* YOUR INSTRUCTIONS
Pull every line holding the string "times" from the records below.

* DATA PROVIDED
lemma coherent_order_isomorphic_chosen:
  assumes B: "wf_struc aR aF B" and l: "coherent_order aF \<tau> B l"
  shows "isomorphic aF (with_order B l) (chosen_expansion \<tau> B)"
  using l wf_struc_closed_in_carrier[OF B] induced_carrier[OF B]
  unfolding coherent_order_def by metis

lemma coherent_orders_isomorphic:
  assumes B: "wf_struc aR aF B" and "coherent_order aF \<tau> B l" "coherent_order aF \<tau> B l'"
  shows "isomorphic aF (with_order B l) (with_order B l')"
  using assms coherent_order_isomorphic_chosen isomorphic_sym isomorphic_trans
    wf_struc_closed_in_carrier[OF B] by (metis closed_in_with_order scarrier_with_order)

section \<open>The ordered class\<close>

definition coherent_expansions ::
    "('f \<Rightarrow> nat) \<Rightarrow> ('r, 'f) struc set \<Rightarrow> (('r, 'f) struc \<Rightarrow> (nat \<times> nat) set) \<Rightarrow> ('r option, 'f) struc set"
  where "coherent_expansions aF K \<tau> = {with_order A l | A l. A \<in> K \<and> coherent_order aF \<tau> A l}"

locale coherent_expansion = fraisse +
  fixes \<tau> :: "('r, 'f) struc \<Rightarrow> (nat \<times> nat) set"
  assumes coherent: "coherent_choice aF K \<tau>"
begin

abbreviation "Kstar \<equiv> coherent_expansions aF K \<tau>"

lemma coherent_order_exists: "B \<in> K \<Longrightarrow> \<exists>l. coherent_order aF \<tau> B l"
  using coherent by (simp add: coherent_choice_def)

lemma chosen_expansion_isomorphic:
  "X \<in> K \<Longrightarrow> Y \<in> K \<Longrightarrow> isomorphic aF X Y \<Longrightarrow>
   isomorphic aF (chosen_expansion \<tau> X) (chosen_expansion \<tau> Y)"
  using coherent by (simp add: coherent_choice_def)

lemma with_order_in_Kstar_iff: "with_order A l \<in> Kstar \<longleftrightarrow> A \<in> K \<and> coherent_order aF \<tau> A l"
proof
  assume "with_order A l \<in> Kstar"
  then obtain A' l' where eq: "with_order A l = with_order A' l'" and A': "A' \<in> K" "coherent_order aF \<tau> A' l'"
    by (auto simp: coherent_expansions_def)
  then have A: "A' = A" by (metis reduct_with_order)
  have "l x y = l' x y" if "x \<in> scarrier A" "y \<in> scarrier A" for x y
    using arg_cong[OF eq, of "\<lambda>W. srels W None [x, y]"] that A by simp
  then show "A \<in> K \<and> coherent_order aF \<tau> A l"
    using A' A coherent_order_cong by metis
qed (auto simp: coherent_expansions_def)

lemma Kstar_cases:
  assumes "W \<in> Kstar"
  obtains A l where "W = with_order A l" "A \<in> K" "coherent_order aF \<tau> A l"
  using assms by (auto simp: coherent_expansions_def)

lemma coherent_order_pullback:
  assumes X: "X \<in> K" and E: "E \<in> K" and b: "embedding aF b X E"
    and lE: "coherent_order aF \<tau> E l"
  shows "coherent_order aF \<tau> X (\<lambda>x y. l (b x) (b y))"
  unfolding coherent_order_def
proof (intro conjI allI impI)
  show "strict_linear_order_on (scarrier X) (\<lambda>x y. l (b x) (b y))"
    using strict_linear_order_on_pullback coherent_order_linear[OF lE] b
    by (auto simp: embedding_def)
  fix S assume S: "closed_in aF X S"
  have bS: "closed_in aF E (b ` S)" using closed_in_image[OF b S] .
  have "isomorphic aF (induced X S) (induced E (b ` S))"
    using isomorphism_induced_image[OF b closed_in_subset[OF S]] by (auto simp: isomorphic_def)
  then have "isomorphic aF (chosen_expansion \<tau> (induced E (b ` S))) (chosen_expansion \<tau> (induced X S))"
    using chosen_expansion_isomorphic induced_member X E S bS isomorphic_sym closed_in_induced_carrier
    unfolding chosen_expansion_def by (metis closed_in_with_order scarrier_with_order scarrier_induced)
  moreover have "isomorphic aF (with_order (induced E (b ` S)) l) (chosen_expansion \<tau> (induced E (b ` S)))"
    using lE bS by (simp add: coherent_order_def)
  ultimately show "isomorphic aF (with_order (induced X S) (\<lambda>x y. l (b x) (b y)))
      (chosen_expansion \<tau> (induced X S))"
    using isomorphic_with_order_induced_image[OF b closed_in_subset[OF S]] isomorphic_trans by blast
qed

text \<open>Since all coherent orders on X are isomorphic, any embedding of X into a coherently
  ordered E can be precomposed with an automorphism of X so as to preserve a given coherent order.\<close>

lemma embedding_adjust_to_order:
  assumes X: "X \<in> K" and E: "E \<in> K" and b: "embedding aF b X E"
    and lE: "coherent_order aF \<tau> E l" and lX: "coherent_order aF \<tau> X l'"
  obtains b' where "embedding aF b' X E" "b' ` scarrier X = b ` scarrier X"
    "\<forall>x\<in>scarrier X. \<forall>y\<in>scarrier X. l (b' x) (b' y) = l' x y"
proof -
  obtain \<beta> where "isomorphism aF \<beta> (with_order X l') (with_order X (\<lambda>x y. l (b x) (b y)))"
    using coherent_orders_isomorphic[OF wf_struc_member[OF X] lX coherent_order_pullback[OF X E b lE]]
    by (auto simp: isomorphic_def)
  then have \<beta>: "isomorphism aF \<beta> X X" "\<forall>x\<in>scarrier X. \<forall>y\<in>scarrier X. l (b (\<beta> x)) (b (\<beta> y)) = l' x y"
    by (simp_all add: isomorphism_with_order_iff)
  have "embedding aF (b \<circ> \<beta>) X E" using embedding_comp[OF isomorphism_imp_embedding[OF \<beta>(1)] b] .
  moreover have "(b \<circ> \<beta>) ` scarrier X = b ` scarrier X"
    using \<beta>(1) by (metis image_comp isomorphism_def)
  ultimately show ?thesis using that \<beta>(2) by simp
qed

* EXERCISE ANSWER
    "('f \<Rightarrow> nat) \<Rightarrow> ('r, 'f) struc set \<Rightarrow> (('r, 'f) struc \<Rightarrow> (nat \<times> nat) set) \<Rightarrow> ('r option, 'f) struc set"
  fixes \<tau> :: "('r, 'f) struc \<Rightarrow> (nat \<times> nat) set"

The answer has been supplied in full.